<<<<

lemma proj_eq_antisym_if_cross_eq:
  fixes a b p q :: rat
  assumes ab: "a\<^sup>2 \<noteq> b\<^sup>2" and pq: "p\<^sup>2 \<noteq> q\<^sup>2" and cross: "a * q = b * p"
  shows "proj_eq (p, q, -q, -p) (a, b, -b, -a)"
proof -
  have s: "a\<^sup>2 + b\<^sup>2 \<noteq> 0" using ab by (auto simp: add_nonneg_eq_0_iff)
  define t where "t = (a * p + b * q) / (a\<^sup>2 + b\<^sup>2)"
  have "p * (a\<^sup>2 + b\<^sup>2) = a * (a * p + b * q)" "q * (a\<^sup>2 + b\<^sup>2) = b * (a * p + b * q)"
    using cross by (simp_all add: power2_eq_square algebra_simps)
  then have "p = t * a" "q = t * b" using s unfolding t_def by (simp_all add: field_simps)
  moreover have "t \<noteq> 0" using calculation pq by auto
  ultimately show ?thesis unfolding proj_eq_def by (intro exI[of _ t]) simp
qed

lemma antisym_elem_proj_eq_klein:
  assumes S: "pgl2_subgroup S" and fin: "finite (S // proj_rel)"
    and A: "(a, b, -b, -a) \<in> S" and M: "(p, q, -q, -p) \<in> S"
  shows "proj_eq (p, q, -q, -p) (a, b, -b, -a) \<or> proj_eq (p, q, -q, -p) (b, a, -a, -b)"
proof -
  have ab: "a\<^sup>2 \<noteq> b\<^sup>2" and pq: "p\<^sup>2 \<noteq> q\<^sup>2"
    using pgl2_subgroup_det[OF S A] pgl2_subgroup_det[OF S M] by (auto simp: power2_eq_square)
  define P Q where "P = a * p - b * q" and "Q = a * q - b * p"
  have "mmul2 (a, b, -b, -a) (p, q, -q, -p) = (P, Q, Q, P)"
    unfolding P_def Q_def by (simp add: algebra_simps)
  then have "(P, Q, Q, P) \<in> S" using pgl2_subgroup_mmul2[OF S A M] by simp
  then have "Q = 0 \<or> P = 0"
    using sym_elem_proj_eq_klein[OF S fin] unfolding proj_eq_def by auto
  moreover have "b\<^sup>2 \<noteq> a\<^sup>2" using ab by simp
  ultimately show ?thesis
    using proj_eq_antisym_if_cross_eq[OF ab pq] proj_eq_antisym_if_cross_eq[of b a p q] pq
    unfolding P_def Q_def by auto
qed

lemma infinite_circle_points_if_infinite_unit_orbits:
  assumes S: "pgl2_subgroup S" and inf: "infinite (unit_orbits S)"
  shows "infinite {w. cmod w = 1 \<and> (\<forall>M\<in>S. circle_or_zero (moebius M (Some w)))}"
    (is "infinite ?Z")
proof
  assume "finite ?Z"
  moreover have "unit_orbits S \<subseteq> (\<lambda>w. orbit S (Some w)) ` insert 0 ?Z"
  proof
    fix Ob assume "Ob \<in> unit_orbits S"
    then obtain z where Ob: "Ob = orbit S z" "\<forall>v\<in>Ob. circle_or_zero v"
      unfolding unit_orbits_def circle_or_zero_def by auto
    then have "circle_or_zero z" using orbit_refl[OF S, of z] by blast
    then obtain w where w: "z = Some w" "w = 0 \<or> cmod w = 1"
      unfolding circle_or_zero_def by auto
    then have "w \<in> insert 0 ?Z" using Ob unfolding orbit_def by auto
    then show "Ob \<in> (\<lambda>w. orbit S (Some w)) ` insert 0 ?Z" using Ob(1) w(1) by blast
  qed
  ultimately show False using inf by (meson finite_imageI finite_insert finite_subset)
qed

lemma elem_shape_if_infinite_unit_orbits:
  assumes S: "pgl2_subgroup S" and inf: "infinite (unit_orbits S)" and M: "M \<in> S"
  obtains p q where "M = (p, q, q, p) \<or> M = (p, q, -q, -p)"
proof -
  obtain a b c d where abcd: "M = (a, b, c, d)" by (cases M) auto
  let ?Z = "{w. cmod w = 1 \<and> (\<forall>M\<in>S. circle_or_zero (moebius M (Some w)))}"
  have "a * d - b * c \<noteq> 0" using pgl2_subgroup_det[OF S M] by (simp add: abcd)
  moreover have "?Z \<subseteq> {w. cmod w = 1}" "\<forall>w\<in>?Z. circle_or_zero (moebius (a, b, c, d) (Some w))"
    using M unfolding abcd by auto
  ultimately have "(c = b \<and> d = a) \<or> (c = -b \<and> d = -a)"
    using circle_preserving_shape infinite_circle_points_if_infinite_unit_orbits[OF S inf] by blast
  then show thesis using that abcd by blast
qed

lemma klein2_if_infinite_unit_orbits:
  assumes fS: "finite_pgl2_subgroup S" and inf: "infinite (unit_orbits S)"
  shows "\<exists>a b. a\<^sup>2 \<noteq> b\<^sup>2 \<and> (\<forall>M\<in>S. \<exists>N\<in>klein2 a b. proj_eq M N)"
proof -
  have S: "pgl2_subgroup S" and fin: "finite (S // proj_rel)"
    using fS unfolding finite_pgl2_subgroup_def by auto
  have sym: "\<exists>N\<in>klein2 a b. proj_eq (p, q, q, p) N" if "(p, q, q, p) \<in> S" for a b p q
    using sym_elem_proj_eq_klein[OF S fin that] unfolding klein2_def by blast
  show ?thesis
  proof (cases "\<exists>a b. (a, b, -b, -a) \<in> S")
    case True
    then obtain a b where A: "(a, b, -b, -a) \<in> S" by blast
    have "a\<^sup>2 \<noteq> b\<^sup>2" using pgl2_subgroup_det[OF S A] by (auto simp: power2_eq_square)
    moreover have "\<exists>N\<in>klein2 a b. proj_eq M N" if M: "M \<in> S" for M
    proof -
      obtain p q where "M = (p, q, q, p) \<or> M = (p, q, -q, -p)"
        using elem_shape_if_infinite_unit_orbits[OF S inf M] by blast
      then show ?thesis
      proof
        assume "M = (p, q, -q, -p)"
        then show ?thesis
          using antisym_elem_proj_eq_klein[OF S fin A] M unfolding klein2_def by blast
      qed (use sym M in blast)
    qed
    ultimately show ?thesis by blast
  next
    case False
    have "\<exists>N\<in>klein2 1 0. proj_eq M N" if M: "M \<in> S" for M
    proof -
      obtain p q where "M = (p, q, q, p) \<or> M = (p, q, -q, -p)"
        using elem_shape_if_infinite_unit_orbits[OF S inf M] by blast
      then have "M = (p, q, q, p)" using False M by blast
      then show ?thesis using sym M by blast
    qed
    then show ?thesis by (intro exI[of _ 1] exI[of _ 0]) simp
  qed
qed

>>>>
<<<<

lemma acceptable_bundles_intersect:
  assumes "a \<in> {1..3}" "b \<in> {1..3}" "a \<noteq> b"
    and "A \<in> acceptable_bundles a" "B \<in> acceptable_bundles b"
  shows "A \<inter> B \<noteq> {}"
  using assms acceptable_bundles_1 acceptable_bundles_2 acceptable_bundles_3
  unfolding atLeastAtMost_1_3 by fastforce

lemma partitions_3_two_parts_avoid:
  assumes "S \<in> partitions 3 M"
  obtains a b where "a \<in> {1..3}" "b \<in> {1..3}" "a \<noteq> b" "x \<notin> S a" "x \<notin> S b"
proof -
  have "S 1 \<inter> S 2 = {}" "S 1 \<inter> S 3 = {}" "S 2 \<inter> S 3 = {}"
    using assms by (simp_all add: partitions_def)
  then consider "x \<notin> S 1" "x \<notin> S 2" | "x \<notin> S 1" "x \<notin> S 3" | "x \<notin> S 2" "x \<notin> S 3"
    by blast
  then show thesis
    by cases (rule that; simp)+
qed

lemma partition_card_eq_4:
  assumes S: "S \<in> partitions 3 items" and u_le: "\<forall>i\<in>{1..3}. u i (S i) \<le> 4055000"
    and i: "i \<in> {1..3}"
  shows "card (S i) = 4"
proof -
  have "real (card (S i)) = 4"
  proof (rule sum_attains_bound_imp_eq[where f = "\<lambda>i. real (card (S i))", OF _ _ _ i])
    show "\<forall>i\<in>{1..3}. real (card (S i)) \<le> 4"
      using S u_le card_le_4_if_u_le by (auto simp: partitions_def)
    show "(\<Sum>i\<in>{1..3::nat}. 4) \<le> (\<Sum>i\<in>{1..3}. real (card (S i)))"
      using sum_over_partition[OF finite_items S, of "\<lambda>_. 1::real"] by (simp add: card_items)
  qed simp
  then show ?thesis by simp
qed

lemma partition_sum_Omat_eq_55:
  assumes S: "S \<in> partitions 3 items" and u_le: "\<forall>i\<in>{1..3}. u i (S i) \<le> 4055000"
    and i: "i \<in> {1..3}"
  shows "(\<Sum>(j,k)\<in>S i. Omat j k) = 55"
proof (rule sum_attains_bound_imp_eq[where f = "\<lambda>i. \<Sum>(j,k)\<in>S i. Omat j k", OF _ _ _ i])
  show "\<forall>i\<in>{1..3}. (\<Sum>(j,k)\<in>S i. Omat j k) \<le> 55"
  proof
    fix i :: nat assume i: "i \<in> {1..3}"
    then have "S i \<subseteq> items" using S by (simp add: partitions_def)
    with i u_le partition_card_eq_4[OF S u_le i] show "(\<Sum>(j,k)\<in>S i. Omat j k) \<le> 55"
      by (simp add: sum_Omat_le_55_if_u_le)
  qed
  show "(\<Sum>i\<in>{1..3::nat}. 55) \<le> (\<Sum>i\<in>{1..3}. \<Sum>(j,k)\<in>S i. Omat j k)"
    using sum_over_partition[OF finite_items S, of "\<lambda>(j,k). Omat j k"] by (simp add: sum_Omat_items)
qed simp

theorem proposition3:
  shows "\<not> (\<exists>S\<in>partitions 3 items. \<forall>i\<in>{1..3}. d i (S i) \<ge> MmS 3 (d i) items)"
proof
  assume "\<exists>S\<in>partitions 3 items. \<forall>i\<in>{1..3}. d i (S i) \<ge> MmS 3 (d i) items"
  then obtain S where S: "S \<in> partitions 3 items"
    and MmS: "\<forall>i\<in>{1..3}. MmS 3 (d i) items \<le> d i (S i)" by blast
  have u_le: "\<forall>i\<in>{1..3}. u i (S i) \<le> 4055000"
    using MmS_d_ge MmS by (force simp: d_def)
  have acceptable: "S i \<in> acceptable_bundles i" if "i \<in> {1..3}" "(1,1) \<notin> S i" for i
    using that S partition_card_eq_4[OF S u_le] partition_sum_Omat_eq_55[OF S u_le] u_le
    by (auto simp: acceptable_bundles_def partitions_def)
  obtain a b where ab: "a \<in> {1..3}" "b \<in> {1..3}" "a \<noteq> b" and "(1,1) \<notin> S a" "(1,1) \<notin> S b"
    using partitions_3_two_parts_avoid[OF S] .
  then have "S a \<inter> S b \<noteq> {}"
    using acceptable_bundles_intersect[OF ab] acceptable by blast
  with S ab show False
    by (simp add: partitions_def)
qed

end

>>>>

● **ASSIGNED TASK**:
Your answer should be only a number: how many lines of the data above contain the string "assumes"?

● **TASK OUTPUT**:
9